■ WHAT YOU HAVE TO DO
For the entries below, work out how many lines contain the string "beta" and write only the number.

(RECORD EXCERPTS Opens)

(* Assume the standing setup, let $H\le\Gamma$ and let $\mathcal G_H(P)$ be as defined in the context, for an object $P$ of $\mathcal L$. Regard $\Gamma/H$ as a discrete category (objects the left cosets, only identity morphisms). Then the functor $\delta_P:\mathcal G_H(P)\to\Gamma/H$ sending $(P^\alpha,\alpha)$ to $\widehat\Theta(\alpha)^{-1}H$ is well defined and is an equivalence of categories.
   Context: Standing setup: $(S,\mathcal F,\mathcal L)$ is a $p$-local finite group with centric linking system $\mathcal L$ (objects the $\mathcal F$-centric subgroups, projection $\pi:\mathcal L\to\mathcal F$), and a fixed compatible set of inclusions $\iota_P^Q$ ($\pi(\iota_P^Q)$ the inclusion, $\iota_Q^R\iota_P^Q=\iota_P^R$, $\iota_S^S=\mathrm{Id}$) with respect to which morphisms are restricted. For $\alpha\in\operatorname{Mor}_{\mathcal L}(P,S)$, $P^\alpha=\pi(\alpha)(P)$ and $\alpha$ also denotes the restricted isomorphism $P\to P^\alpha$. $\Gamma=\Gamma_{p'}(\mathcal F)$ (finite, order prime to $p$, a quotient of $\pi_1(|\mathcal L|,S)$) and $\widehat\Theta:\mathcal L\to\mathcal B(\Gamma)$ sends $f:P\to Q$ to the image of the class of the loop $\iota_Q^S*f*(\iota_P^S)^{-1}$; its restriction $\operatorname{Aut}_{\mathcal L}(S)\to\Gamma$ is surjective. $\mathcal L_H$ is the subcategory of $\mathcal L$ with all objects and morphisms $\widehat\Theta^{-1}(H)$, $\iota:\mathcal L_H\to\mathcal L$ the inclusion. $P\downarrow\iota$ has objects $(Q,\alpha)$, $\alpha\in\operatorname{Mor}_{\mathcal L}(P,Q)$, and morphisms $(Q,\alpha)\to(Q',\alpha')$ the $\psi\in\operatorname{Mor}_{\mathcal L_H}(Q,Q')$ with $\psi\alpha=\alpha'$; $\mathcal G_H(P)$ is its full subcategory on the objects $(P^\alpha,\alpha)$, $\alpha\in\operatorname{Mor}_{\mathcal L}(P,S)$. *)

theory Defs
  imports "HOL-Algebra.Algebra"
begin

record ('o, 'm) cat =
  ob  :: "'o set"
  ar  :: "'m set"
  sc  :: "'m \<Rightarrow> 'o"
  tg  :: "'m \<Rightarrow> 'o"
  cmp :: "'m \<Rightarrow> 'm \<Rightarrow> 'm"   (* cmp C g f = g o f *)
  idt :: "'o \<Rightarrow> 'm"

definition homs :: "('o, 'm) cat \<Rightarrow> 'o \<Rightarrow> 'o \<Rightarrow> 'm set" where
  "homs C U V = {f \<in> ar C. sc C f = U \<and> tg C f = V}"

definition is_category :: "('o, 'm) cat \<Rightarrow> bool" where
  "is_category C \<longleftrightarrow>
     (\<forall>f\<in>ar C. sc C f \<in> ob C \<and> tg C f \<in> ob C) \<and>
     (\<forall>U\<in>ob C. idt C U \<in> homs C U U) \<and>
     (\<forall>U V T f g. f \<in> homs C U V \<longrightarrow> g \<in> homs C V T \<longrightarrow> cmp C g f \<in> homs C U T) \<and>
     (\<forall>R U V T f g h. f \<in> homs C R U \<longrightarrow> g \<in> homs C U V \<longrightarrow> h \<in> homs C V T \<longrightarrow>
        cmp C h (cmp C g f) = cmp C (cmp C h g) f) \<and>
     (\<forall>U V f. f \<in> homs C U V \<longrightarrow> cmp C (idt C V) f = f \<and> cmp C f (idt C U) = f)"

definition is_functor :: "('o, 'm) cat \<Rightarrow> ('p, 'n) cat \<Rightarrow> ('o \<Rightarrow> 'p) \<Rightarrow> ('m \<Rightarrow> 'n) \<Rightarrow> bool" where
  "is_functor C D F0 F1 \<longleftrightarrow>
     (\<forall>U\<in>ob C. F0 U \<in> ob D) \<and>
     (\<forall>U V f. f \<in> homs C U V \<longrightarrow> F1 f \<in> homs D (F0 U) (F0 V)) \<and>
     (\<forall>U V T f g. f \<in> homs C U V \<longrightarrow> g \<in> homs C V T \<longrightarrow>
        F1 (cmp C g f) = cmp D (F1 g) (F1 f)) \<and>
     (\<forall>U\<in>ob C. F1 (idt C U) = idt D (F0 U))"

definition is_iso :: "('o, 'm) cat \<Rightarrow> 'm \<Rightarrow> bool" where
  "is_iso C f \<longleftrightarrow> f \<in> ar C \<and>
     (\<exists>g\<in>homs C (tg C f) (sc C f). cmp C g f = idt C (sc C f) \<and> cmp C f g = idt C (tg C f))"

definition fully_faithful :: "('o, 'm) cat \<Rightarrow> ('p, 'n) cat \<Rightarrow> ('o \<Rightarrow> 'p) \<Rightarrow> ('m \<Rightarrow> 'n) \<Rightarrow> bool" where
  "fully_faithful C D F0 F1 \<longleftrightarrow>
     (\<forall>U\<in>ob C. \<forall>V\<in>ob C. bij_betw F1 (homs C U V) (homs D (F0 U) (F0 V)))"

definition essentially_surjective :: "('o, 'm) cat \<Rightarrow> ('p, 'n) cat \<Rightarrow> ('o \<Rightarrow> 'p) \<Rightarrow> bool" where
  "essentially_surjective C D F0 \<longleftrightarrow>
     (\<forall>V\<in>ob D. \<exists>U\<in>ob C. \<exists>f\<in>homs D (F0 U) V. is_iso D f)"

text \<open>Equivalence of categories (in HOL with choice: a fully faithful,
  essentially surjective functor between categories).\<close>
definition equivalence_of_categories ::
  "('o, 'm) cat \<Rightarrow> ('p, 'n) cat \<Rightarrow> ('o \<Rightarrow> 'p) \<Rightarrow> ('m \<Rightarrow> 'n) \<Rightarrow> bool" where
  "equivalence_of_categories C D F0 F1 \<longleftrightarrow>
     is_category C \<and> is_category D \<and> is_functor C D F0 F1 \<and>
     fully_faithful C D F0 F1 \<and> essentially_surjective C D F0"

text \<open>Discrete category on a set: arrows are the identities, identified with the objects.\<close>
definition discrete_cat :: "'o set \<Rightarrow> ('o, 'o) cat" where
  "discrete_cat U = \<lparr>ob = U, ar = U, sc = id, tg = id, cmp = (\<lambda>g f. f), idt = id\<rparr>"

definition cj :: "('g, 'b) monoid_scheme \<Rightarrow> 'g \<Rightarrow> 'g \<Rightarrow> 'g" where
  "cj G g x = g \<otimes>\<^bsub>G\<^esub> x \<otimes>\<^bsub>G\<^esub> inv\<^bsub>G\<^esub> g"

definition Cent :: "('g, 'b) monoid_scheme \<Rightarrow> 'g set \<Rightarrow> 'g set" where
  "Cent G P = {g \<in> carrier G. \<forall>x\<in>P. g \<otimes>\<^bsub>G\<^esub> x = x \<otimes>\<^bsub>G\<^esub> g}"

definition Norm :: "('g, 'b) monoid_scheme \<Rightarrow> 'g set \<Rightarrow> 'g set" where
  "Norm G P = {g \<in> carrier G. cj G g ` P = P}"

text \<open>Homomorphisms P -> Q are represented as functions extensional on P.\<close>
definition HomS :: "('g, 'b) monoid_scheme \<Rightarrow> 'g set \<Rightarrow> 'g set \<Rightarrow> ('g \<Rightarrow> 'g) set" where
  "HomS G P Q = {restrict (cj G g) P | g. g \<in> carrier G \<and> cj G g ` P \<subseteq> Q}"

definition InjHom :: "('g, 'b) monoid_scheme \<Rightarrow> 'g set \<Rightarrow> 'g set \<Rightarrow> ('g \<Rightarrow> 'g) set" where
  "InjHom G P Q = {\<phi> \<in> extensional P. \<phi> ` P \<subseteq> Q \<and> inj_on \<phi> P \<and>
      (\<forall>x\<in>P. \<forall>y\<in>P. \<phi> (x \<otimes>\<^bsub>G\<^esub> y) = \<phi> x \<otimes>\<^bsub>G\<^esub> \<phi> y)}"

text \<open>A fusion system over S = carrier G: F P Q = Hom_F(P,Q) (empty unless P, Q are subgroups).\<close>
definition fusion_system ::
  "('g, 'b) monoid_scheme \<Rightarrow> ('g set \<Rightarrow> 'g set \<Rightarrow> ('g \<Rightarrow> 'g) set) \<Rightarrow> bool" where
  "fusion_system G F \<longleftrightarrow>
     (\<forall>P Q. F P Q \<noteq> {} \<longrightarrow> subgroup P G \<and> subgroup Q G) \<and>
     (\<forall>P Q. subgroup P G \<longrightarrow> subgroup Q G \<longrightarrow> HomS G P Q \<subseteq> F P Q \<and> F P Q \<subseteq> InjHom G P Q) \<and>
     (\<forall>P Q R \<phi> \<psi>. \<phi> \<in> F P Q \<longrightarrow> \<psi> \<in> F Q R \<longrightarrow> restrict (\<psi> \<circ> \<phi>) P \<in> F P R) \<and>
     (\<forall>P Q \<phi>. \<phi> \<in> F P Q \<longrightarrow> \<phi> \<in> F P (\<phi> ` P) \<and> restrict (inv_into P \<phi>) (\<phi> ` P) \<in> F (\<phi> ` P) P)"

definition Fconj where
  "Fconj G F P Q \<longleftrightarrow> (\<exists>\<phi>\<in>F P (carrier G). Q = \<phi> ` P)"

definition fully_centralized where
  "fully_centralized G F P \<longleftrightarrow> (\<forall>Q. Fconj G F P Q \<longrightarrow> card (Cent G Q) \<le> card (Cent G P))"

definition fully_normalized where
  "fully_normalized G F P \<longleftrightarrow> (\<forall>Q. Fconj G F P Q \<longrightarrow> card (Norm G Q) \<le> card (Norm G P))"

text \<open>Aut_S(P) is a Sylow p-subgroup of Aut_F(P).\<close>
definition sylow_aut where
  "sylow_aut p G F P \<longleftrightarrow> (\<exists>k. card (HomS G P P) = p ^ k) \<and>
      \<not> p dvd (card (F P P) div card (HomS G P P))"

definition Nphi where
  "Nphi G P \<phi> = {g \<in> Norm G P. \<exists>h\<in>Norm G (\<phi> ` P).
      \<forall>y\<in>\<phi> ` P. \<phi> (cj G g (inv_into P \<phi> y)) = cj G h y}"

definition saturated_fusion_system where
  "saturated_fusion_system p G F \<longleftrightarrow> fusion_system G F \<and>
     (\<forall>P. subgroup P G \<longrightarrow> fully_normalized G F P \<longrightarrow>
        fully_centralized G F P \<and> sylow_aut p G F P) \<and>
     (\<forall>P \<phi>. \<phi> \<in> F P (carrier G) \<longrightarrow> fully_centralized G F (\<phi> ` P) \<longrightarrow>
        (\<exists>\<phi>'\<in>F (Nphi G P \<phi>) (carrier G). \<forall>x\<in>P. \<phi>' x = \<phi> x))"

definition F_centric where
  "F_centric G F P \<longleftrightarrow> subgroup P G \<and> (\<forall>Q. Fconj G F P Q \<longrightarrow> Cent G Q \<subseteq> Q)"

text \<open>prj is the projection L -> F on morphisms (identity on objects);
  dl P is the distinguished monomorphism delta_P : P -> Aut_L(P).\<close>
definition centric_linking_system ::
  "('g, 'b) monoid_scheme \<Rightarrow> ('g set \<Rightarrow> 'g set \<Rightarrow> ('g \<Rightarrow> 'g) set) \<Rightarrow> ('g set, 'm) cat
     \<Rightarrow> ('m \<Rightarrow> 'g \<Rightarrow> 'g) \<Rightarrow> ('g set \<Rightarrow> 'g \<Rightarrow> 'm) \<Rightarrow> bool" where
  "centric_linking_system G F L prj dl \<longleftrightarrow>
     is_category L \<and> ob L = {P. F_centric G F P} \<and>
     (\<forall>f\<in>ar L. prj f \<in> F (sc L f) (tg L f)) \<and>
     (\<forall>P\<in>ob L. prj (idt L P) = restrict id P) \<and>
     (\<forall>P Q R f g. f \<in> homs L P Q \<longrightarrow> g \<in> homs L Q R \<longrightarrow>
        prj (cmp L g f) = restrict (prj g \<circ> prj f) P) \<and>
     (\<forall>P\<in>ob L. \<forall>x\<in>P. dl P x \<in> homs L P P) \<and>
     (\<forall>P\<in>ob L. \<forall>x\<in>P. \<forall>y\<in>P. dl P (x \<otimes>\<^bsub>G\<^esub> y) = cmp L (dl P x) (dl P y)) \<and>
     (\<forall>P\<in>ob L. inj_on (dl P) P) \<and>
     \<comment> \<open>axiom (A)\<close>
     (\<forall>P\<in>ob L. \<forall>Q\<in>ob L. prj ` homs L P Q = F P Q) \<and>
     (\<forall>P\<in>ob L. \<forall>Q\<in>ob L. \<forall>f\<in>homs L P Q. \<forall>f'\<in>homs L P Q.
        prj f = prj f' \<longleftrightarrow> (\<exists>z\<in>Cent G P \<inter> P. f' = cmp L f (dl P z))) \<and>
     (\<forall>P\<in>ob L. \<forall>Q\<in>ob L. \<forall>f\<in>homs L P Q. \<forall>z\<in>Cent G P \<inter> P.
        cmp L f (dl P z) = f \<longrightarrow> z = \<one>\<^bsub>G\<^esub>) \<and>
     \<comment> \<open>axiom (B)\<close>
     (\<forall>P\<in>ob L. \<forall>x\<in>P. prj (dl P x) = restrict (cj G x) P) \<and>
     \<comment> \<open>axiom (C)\<close>
     (\<forall>P\<in>ob L. \<forall>Q\<in>ob L. \<forall>f\<in>homs L P Q. \<forall>x\<in>P.
        cmp L f (dl P x) = cmp L (dl Q (prj f x)) f)"

definition p_local_finite_group where
  "p_local_finite_group p G F L prj dl \<longleftrightarrow>
     Factorial_Ring.prime (p::nat) \<and> group G \<and> finite (carrier G) \<and> (\<exists>n. card (carrier G) = p ^ n) \<and>
     saturated_fusion_system p G F \<and> centric_linking_system G F L prj dl"

definition compatible_inclusions where
  "compatible_inclusions G L prj io \<longleftrightarrow>
     (\<forall>P\<in>ob L. \<forall>Q\<in>ob L. P \<subseteq> Q \<longrightarrow> io P Q \<in> homs L P Q \<and> prj (io P Q) = restrict id P) \<and>
     (\<forall>P\<in>ob L. \<forall>Q\<in>ob L. \<forall>R\<in>ob L. P \<subseteq> Q \<longrightarrow> Q \<subseteq> R \<longrightarrow>
        cmp L (io Q R) (io P Q) = io P R) \<and>
     io (carrier G) (carrier G) = idt L (carrier G)"

text \<open>For alpha : P -> S, P^alpha = prj(alpha)(P), and the restricted isomorphism P -> P^alpha.\<close>
definition upper :: "('g set, 'm) cat \<Rightarrow> ('m \<Rightarrow> 'g \<Rightarrow> 'g) \<Rightarrow> 'm \<Rightarrow> 'g set" where
  "upper L prj \<alpha> = prj \<alpha> ` sc L \<alpha>"

definition restr where
  "restr G L prj io \<alpha> = (THE \<beta>. \<beta> \<in> homs L (sc L \<alpha>) (upper L prj \<alpha>) \<and>
       cmp L (io (upper L prj \<alpha>) (carrier G)) \<beta> = \<alpha>)"

text \<open>Theta : L -> B(Gamma) induced (via the loop construction
  f |-> [iota_Q^S * f * (iota_P^S)^-1]) by a surjection from pi_1(|L|,S) onto a finite
  p'-group Gamma.  Such maps are exactly the functors L -> B(Gamma) killing all
  iota_P^S; surjectivity is the stated surjectivity on Aut_L(S).\<close>
definition theta_setup where
  "theta_setup p G L io \<Gamma> \<Theta> \<longleftrightarrow>
     group \<Gamma> \<and> finite (carrier \<Gamma>) \<and> coprime (card (carrier \<Gamma>)) (p::nat) \<and>
     (\<forall>f\<in>ar L. \<Theta> f \<in> carrier \<Gamma>) \<and>
     (\<forall>P Q R f g. f \<in> homs L P Q \<longrightarrow> g \<in> homs L Q R \<longrightarrow>
        \<Theta> (cmp L g f) = \<Theta> g \<otimes>\<^bsub>\<Gamma>\<^esub> \<Theta> f) \<and>
     (\<forall>P\<in>ob L. \<Theta> (idt L P) = \<one>\<^bsub>\<Gamma>\<^esub>) \<and>
     (\<forall>P\<in>ob L. \<Theta> (io P (carrier G)) = \<one>\<^bsub>\<Gamma>\<^esub>) \<and>
     \<Theta> ` homs L (carrier G) (carrier G) = carrier \<Gamma>"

(RECORD EXCERPTS Closes)

■ ANSWER TO THIS PROBLEM
2